The dust and other matter that causes the need for the taking of flats lies within the optical train, mostly on the glass surfaces of the focal reducers, filter, and ccd chip.
I usually take flats for each filter at the end of an observing session and if the focus position does not change much I will use them again on another night. If there is a big change I will retake them
But I have been thinking is there a need to retake take them if there is a reltaively large change in focus position.
In other words are the flat fields appearance and form changed by a change in focus. Would one set of flat fields for each filter last several sessions irrespective of the focus postion.
I've never found focus-specific flats to be needed. But it's easy enough to be sure for your own system, by comparing flats taken at different focus positions. [The easy way: use one flat as image, and calibrate it using another flat as a flat.]
I take flats and use them for weeks even months.
I also never focus except there was a change in the optical trian. I have a carbon tube and even though temperature changes all night it keeps focus very well.
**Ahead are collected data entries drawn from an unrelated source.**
(* Let $X$ be a random variable on a finite alphabet $\mathcal{X}$ with pmf $P_X$, let $\mathcal{S}$ be a finite set, and let $\delta,\eta,\nu_1>0$ be such that for all sufficiently large $N$ and every $s^N\in\mathcal{S}^N$, $\Pr\{X^N\in\tilde T^N[X,s^N]_{\delta,\eta}\}>1-2^{-N\nu_1}$, where $X^N=(X_1,\dots,X_N)$ is i.i.d. with pmf $P_X$. Let $R'>\nu_1$ and $L'=2^{NR'}$, and let $\mathbf{C}=(X^N(1),\dots,X^N(L'))$ be a random codebook whose $L'N$ letters are i.i.d. with pmf $P_X$. Then $\Pr\{\mathbf{C}\text{ is good with respect to }X\}>1-\epsilon_1$, where $\epsilon_1\to0$ as $N\to\infty$.
   Context: For $s^N\in\mathcal{S}^N$ and $a\in\mathcal{S}$, $\mathcal{I}(a:s^N)=\{1\le i\le N: s_i=a\}$, $\mu_a=|\mathcal{I}(a:s^N)|$, and $\mathcal{S}(s^N,\eta)=\{a\in\mathcal{S}:\mu_a>N\eta/|\mathcal{S}|\}$. For a pmf $P$ on a finite set $\mathcal{A}$, the $\delta$-letter typical set $T^n_\delta(P)$ is the set of $a^n\in\mathcal{A}^n$ with $|\frac1nN(b:a^n)-P(b)|\le\delta P(b)$ for all $b\in\mathcal{A}$, where $N(b:a^n)$ is the number of positions of $a^n$ equal to $b$. The set $\tilde T^N[X,s^N]_{\delta,\eta}$ consists of all $x^N\in\mathcal{X}^N$ with $P_X(x_i)>0$ for all $i$ and $x_{\mathcal{I}(a:s^N)}=(x_i)_{i\in\mathcal{I}(a:s^N)}\in T^{\mu_a}_\delta(P_X)$ for all $a\in\mathcal{S}(s^N,\eta)$. A codebook $\mathcal{C}=(x^N(l))_{l=1}^{L'}$ (an indexed list, repetitions allowed) is called good with respect to $X$ (with parameters $\delta,\eta,\nu_1$) if for every $s^N\in\mathcal{S}^N$ the number of indices $l$ with $x^N(l)\in\tilde T^N[X,s^N]_{\delta,\eta}$ exceeds $(1-2\cdot2^{-N\nu_1})L'$. *)

theory Defs
  imports "HOL-Probability.Probability"
begin

text \<open>Sequences of length N are functions on nat, only indices below N matter.\<close>

definition idx_set :: "'s \<Rightarrow> (nat \<Rightarrow> 's) \<Rightarrow> nat \<Rightarrow> nat set" where
  "idx_set a s N = {i. i < N \<and> s i = a}"

definition mu :: "'s \<Rightarrow> (nat \<Rightarrow> 's) \<Rightarrow> nat \<Rightarrow> nat" where
  "mu a s N = card (idx_set a s N)"

definition heavy_states :: "(nat \<Rightarrow> 's::finite) \<Rightarrow> nat \<Rightarrow> real \<Rightarrow> 's set" where
  "heavy_states s N \<eta> = {a. real (mu a s N) > real N * \<eta> / real (card (UNIV :: 's set))}"

definition letter_typical :: "nat \<Rightarrow> real \<Rightarrow> 'a pmf \<Rightarrow> 'a list set" where
  "letter_typical n \<delta> P = {as. length as = n \<and>
     (\<forall>b. \<bar>real (length (filter (\<lambda>c. c = b) as)) / real n - pmf P b\<bar> \<le> \<delta> * pmf P b)}"

definition cond_typical :: "'x pmf \<Rightarrow> (nat \<Rightarrow> 's::finite) \<Rightarrow> nat \<Rightarrow> real \<Rightarrow> real \<Rightarrow> (nat \<Rightarrow> 'x) set" where
  "cond_typical P s N \<delta> \<eta> = {x. (\<forall>i<N. pmf P (x i) > 0) \<and>
     (\<forall>a\<in>heavy_states s N \<eta>.
        map x (sorted_list_of_set (idx_set a s N)) \<in> letter_typical (mu a s N) \<delta> P)}"

definition good_codebook :: "'x pmf \<Rightarrow> 's::finite itself \<Rightarrow> nat \<Rightarrow> nat \<Rightarrow> real \<Rightarrow> real \<Rightarrow> real
      \<Rightarrow> (nat \<Rightarrow> nat \<Rightarrow> 'x) \<Rightarrow> bool" where
  "good_codebook P _ N L \<delta> \<eta> \<nu>1 C \<longleftrightarrow>
     (\<forall>s :: nat \<Rightarrow> 's. real (card {l. l < L \<and> C l \<in> cond_typical P s N \<delta> \<eta>})
        > (1 - 2 * 2 powr (- (real N * \<nu>1))) * real L)"

definition iid_seq :: "'x pmf \<Rightarrow> nat \<Rightarrow> (nat \<Rightarrow> 'x) pmf" where
  "iid_seq P N = Pi_pmf {..<N} undefined (\<lambda>_. P)"

definition random_codebook :: "'x pmf \<Rightarrow> nat \<Rightarrow> nat \<Rightarrow> (nat \<Rightarrow> nat \<Rightarrow> 'x) pmf" where
  "random_codebook P N L = Pi_pmf {..<L} undefined (\<lambda>_. iid_seq P N)"

end

theory Submission imports Defs "HOL-Real_Asymp.Real_Asymp" begin

text \<open>Fix a state sequence \<open>s\<close> and let \<open>p = 2^{-N \<nu>1}\<close>. Each of the \<open>L\<close> independent codewords
  misses \<open>T\<^sup>N[X,s]\<close> with probability less than \<open>p\<close>, so by Markov's inequality applied to
  \<open>2\<close> to the power of the number of misses, at least \<open>2pL\<close> misses occur with probability at most
  \<open>(1 + p)^L / 4^{pL} \<le> e^{-(2 ln 2 - 1) p L}\<close>. Only the first \<open>N\<close> letters of \<open>s\<close> matter, so a
  union bound over the \<open>|S|^N\<close> relevant sequences bounds the probability that the codebook is not
  good by \<open>|S|^N e^{-(2 ln 2 - 1) p L}\<close>. Since \<open>pL \<ge> 2^{N(R' - \<nu>1)} - 1\<close> grows doubly
  exponentially, this tends to \<open>0\<close>.\<close>

lemma measure_pmf_prob_Compl: "measure_pmf.prob M (- A) = 1 - measure_pmf.prob M A"
  using measure_pmf.prob_compl[of A M] by (simp add: Compl_eq_Diff_UNIV)

lemma cond_typical_restrict:
  "cond_typical P (\<lambda>i. if i < N then s i else a0) N \<delta> \<eta> = cond_typical P s N \<delta> \<eta>"
proof -
  have "idx_set a (\<lambda>i. if i < N then s i else a0) N = idx_set a s N" for a
    unfolding idx_set_def by auto
  then show ?thesis
    unfolding cond_typical_def heavy_states_def mu_def by simp
qed

lemma prob_Pi_pmf_card_outside_ge:
  "measure_pmf.prob (Pi_pmf {..<L} d (\<lambda>_. M)) {C. t \<le> real (card {l. l < L \<and> C l \<notin> T})}
     \<le> exp (measure_pmf.prob M (- T) * real L) / 2 powr t"
proof -
  let ?C = "Pi_pmf {..<L} d (\<lambda>_. M)"
  define q where "q = measure_pmf.prob M (- T)"
  define f where "f w = (if w \<in> T then 1 else 2 :: real)" for w
  define Y where "Y C = (\<Prod>l<L. f (C l))" for C
  have f_bounded: "integrable M f"
    by (rule measure_pmf.integrable_const_bound[where B = 2]) (auto simp: f_def)
  have f_nonneg: "0 \<le> f w" for w
    by (simp add: f_def)
  have f_eq: "f = (\<lambda>w. 1 + indicator (- T) w)"
    by (auto simp: f_def indicator_def fun_eq_iff)
  have Ef: "measure_pmf.expectation M f = 1 + q"
    unfolding f_eq q_def
    by (subst Bochner_Integration.integral_add)
       (auto intro!: measure_pmf.integrable_const_bound[where B = 1])
  have Y_eq: "Y C = 2 ^ card {l. l < L \<and> C l \<notin> T}" for C
  proof -
    have "Y C = (\<Prod>l\<in>{..<L} \<inter> {l. C l \<notin> T}. 2) * (\<Prod>l\<in>{..<L} \<inter> - {l. C l \<notin> T}. 1)"
      unfolding Y_def f_def by (subst prod.If_cases[symmetric]) (auto intro!: prod.cong)
    also have "{..<L} \<inter> {l. C l \<notin> T} = {l. l < L \<and> C l \<notin> T}" by auto
    finally show ?thesis by simp
  qed
  have "measure_pmf.prob ?C {C. t \<le> real (card {l. l < L \<and> C l \<notin> T})}
      \<le> measure_pmf.prob ?C {C \<in> space (measure_pmf ?C). 2 powr t \<le> Y C}"
    by (intro measure_pmf.finite_measure_mono)
       (auto simp: Y_eq powr_realpow[symmetric] order_trans[OF powr_mono])
  also have "\<dots> \<le> measure_pmf.expectation ?C Y / 2 powr t"
    by (rule integral_Markov_inequality_measure[where A = "{}"])
       (auto simp: Y_def f_nonneg intro!: prod_nonneg integrable_prod_Pi_pmf f_bounded)
  also have "measure_pmf.expectation ?C Y = (1 + q) ^ L"
    unfolding Y_def by (subst expectation_prod_Pi_pmf) (auto simp: f_bounded f_nonneg Ef)
  also have "(1 + q) ^ L \<le> exp q ^ L"
    using exp_ge_add_one_self[of q] by (intro power_mono) (auto simp: q_def)
  also have "exp q ^ L = exp (q * real L)"
    by (simp add: exp_of_nat2_mult mult.commute)
  finally show ?thesis
    by (simp add: q_def divide_right_mono)
qed

lemma prob_Pi_pmf_card_outside_ge_twice:
  assumes "measure_pmf.prob M (- T) \<le> p"
  shows "measure_pmf.prob (Pi_pmf {..<L} d (\<lambda>_. M)) {C. 2 * p * real L \<le> real (card {l. l < L \<and> C l \<notin> T})}
     \<le> exp (- ((2 * ln 2 - 1) * (p * real L)))"
proof -
  have "measure_pmf.prob (Pi_pmf {..<L} d (\<lambda>_. M)) {C. 2 * p * real L \<le> real (card {l. l < L \<and> C l \<notin> T})}
      \<le> exp (measure_pmf.prob M (- T) * real L) / 2 powr (2 * p * real L)"
    by (rule prob_Pi_pmf_card_outside_ge)
  also have "\<dots> \<le> exp (p * real L) / 2 powr (2 * p * real L)"
    using assms by (intro divide_right_mono) (auto intro!: mult_right_mono)
  also have "\<dots> = exp (- ((2 * ln 2 - 1) * (p * real L)))"
    by (simp add: powr_def algebra_simps flip: exp_diff)
  finally show ?thesis .
qed

lemma not_good_codebook_obtains_state_seq:
  assumes "\<not> good_codebook P TYPE('s) N L \<delta> \<eta> \<nu>1 C"
  obtains s :: "nat \<Rightarrow> 's::finite" where "s \<in> PiE_dflt {..<N} undefined (\<lambda>_. UNIV)"
    and "2 * 2 powr (- (real N * \<nu>1)) * real L \<le> real (card {l. l < L \<and> C l \<notin> cond_typical P s N \<delta> \<eta>})"
proof -
  obtain s :: "nat \<Rightarrow> 's" where s:
    "real (card {l. l < L \<and> C l \<in> cond_typical P s N \<delta> \<eta>}) \<le> (1 - 2 * 2 powr (- (real N * \<nu>1))) * real L"
    using assms by (auto simp: good_codebook_def not_less)
  define s' where "s' i = (if i < N then s i else undefined)" for i
  have "{l. l < L \<and> C l \<in> cond_typical P s N \<delta> \<eta>} \<union> {l. l < L \<and> C l \<notin> cond_typical P s N \<delta> \<eta>} = {..<L}"
    by auto
  then have "card {l. l < L \<and> C l \<in> cond_typical P s N \<delta> \<eta>} + card {l. l < L \<and> C l \<notin> cond_typical P s N \<delta> \<eta>} = L"
    by (subst card_Un_disjoint[symmetric]) auto
  with s have "2 * 2 powr (- (real N * \<nu>1)) * real L \<le> real (card {l. l < L \<and> C l \<notin> cond_typical P s N \<delta> \<eta>})"
    by (simp add: algebra_simps)
  moreover have "cond_typical P s' N \<delta> \<eta> = cond_typical P s N \<delta> \<eta>"
    unfolding s'_def by (rule cond_typical_restrict)
  moreover have "s' \<in> PiE_dflt {..<N} undefined (\<lambda>_. UNIV)"
    by (auto simp: PiE_dflt_def s'_def)
  ultimately show thesis
    using that[of s'] by simp
qed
my second telescope about to "come online" is a carbon fibre truss for that very reason, but my C14 Edge unfortunatly is not and there is focus change with temperture, particularly nigh to night.
My scope is a C14 Edge with focal reducer; you'll be happy to hear that it's not extraordinarily temperature-sensitive. My entire annual focus range is only about 5.5 mm from mid-summer dusks to mid-winter dawns (New Mexico). Even with my extremely shallow Atlas focuser, I never need to adjust the primary mirror position, all year.
More relevant: focus just doesn't matter for defects on the CCD window or filters, as their distance to the CCD chip doesn't change with focus. If your f/ratio is independent of focus (and my C14 is), all those shadows will be constant too. And while defects that are skyward of the focuser will theoretically change with focus, they are already so diffuse that they are very faint, and any focus effects would probably be very hard to see experimentally.
But again, you can verify this experimentally by taking flats at the focus limits.
Hi again Eric,
My C14 Edge is housed within a dome here in the UK and over a year my temperature variation is about 20C. During a cold winter's night it can drop from ~ 10C to 0. The focuser is a moonlite and is fixed-in-line during focusing so there is no primary mirror movement.
I will certainly verify experimentally as you suggest.
My nightly variation of temperature is 20 deg C and yearly it varies much more.
I am remotely observing from the Atacama desert at 2500 m elevation. Still I do not focus and can only recommend a scope with a carbon truss or tube.
which all my future telescopes will be and I have had 16" carbon truss ready for this year once the observatory is completed which incidentally is a trial set up for a planned 0,.65m telescope. But for the time being I can only play the cards I'm dealt :)
Good and bad focus cause some subtle effects that require ray-tracing to fully understand with most optical systems. I usually prefer dawn twilight flats because they occur after you've been carefully focussing through the night. That said, there are many times when you must take dusk flats (or lightbox flats, or EL panel flats, or whatever), before you've had a chance to look at a star and determine whether your system is in focus. As Eric suggests, you can experimentally test focus changes by taking flats on one night at large excursions from proper focus, along with focused flats, and then dividing the two flats to see any residual pattern. Dust is usually the thing that you see most often with change, depending on what surface it resides and where in the optical path - before or after a filter or corrector for example. My general rule of thumb is to take flats close to the correct focus, so that you don't have to make assumptions.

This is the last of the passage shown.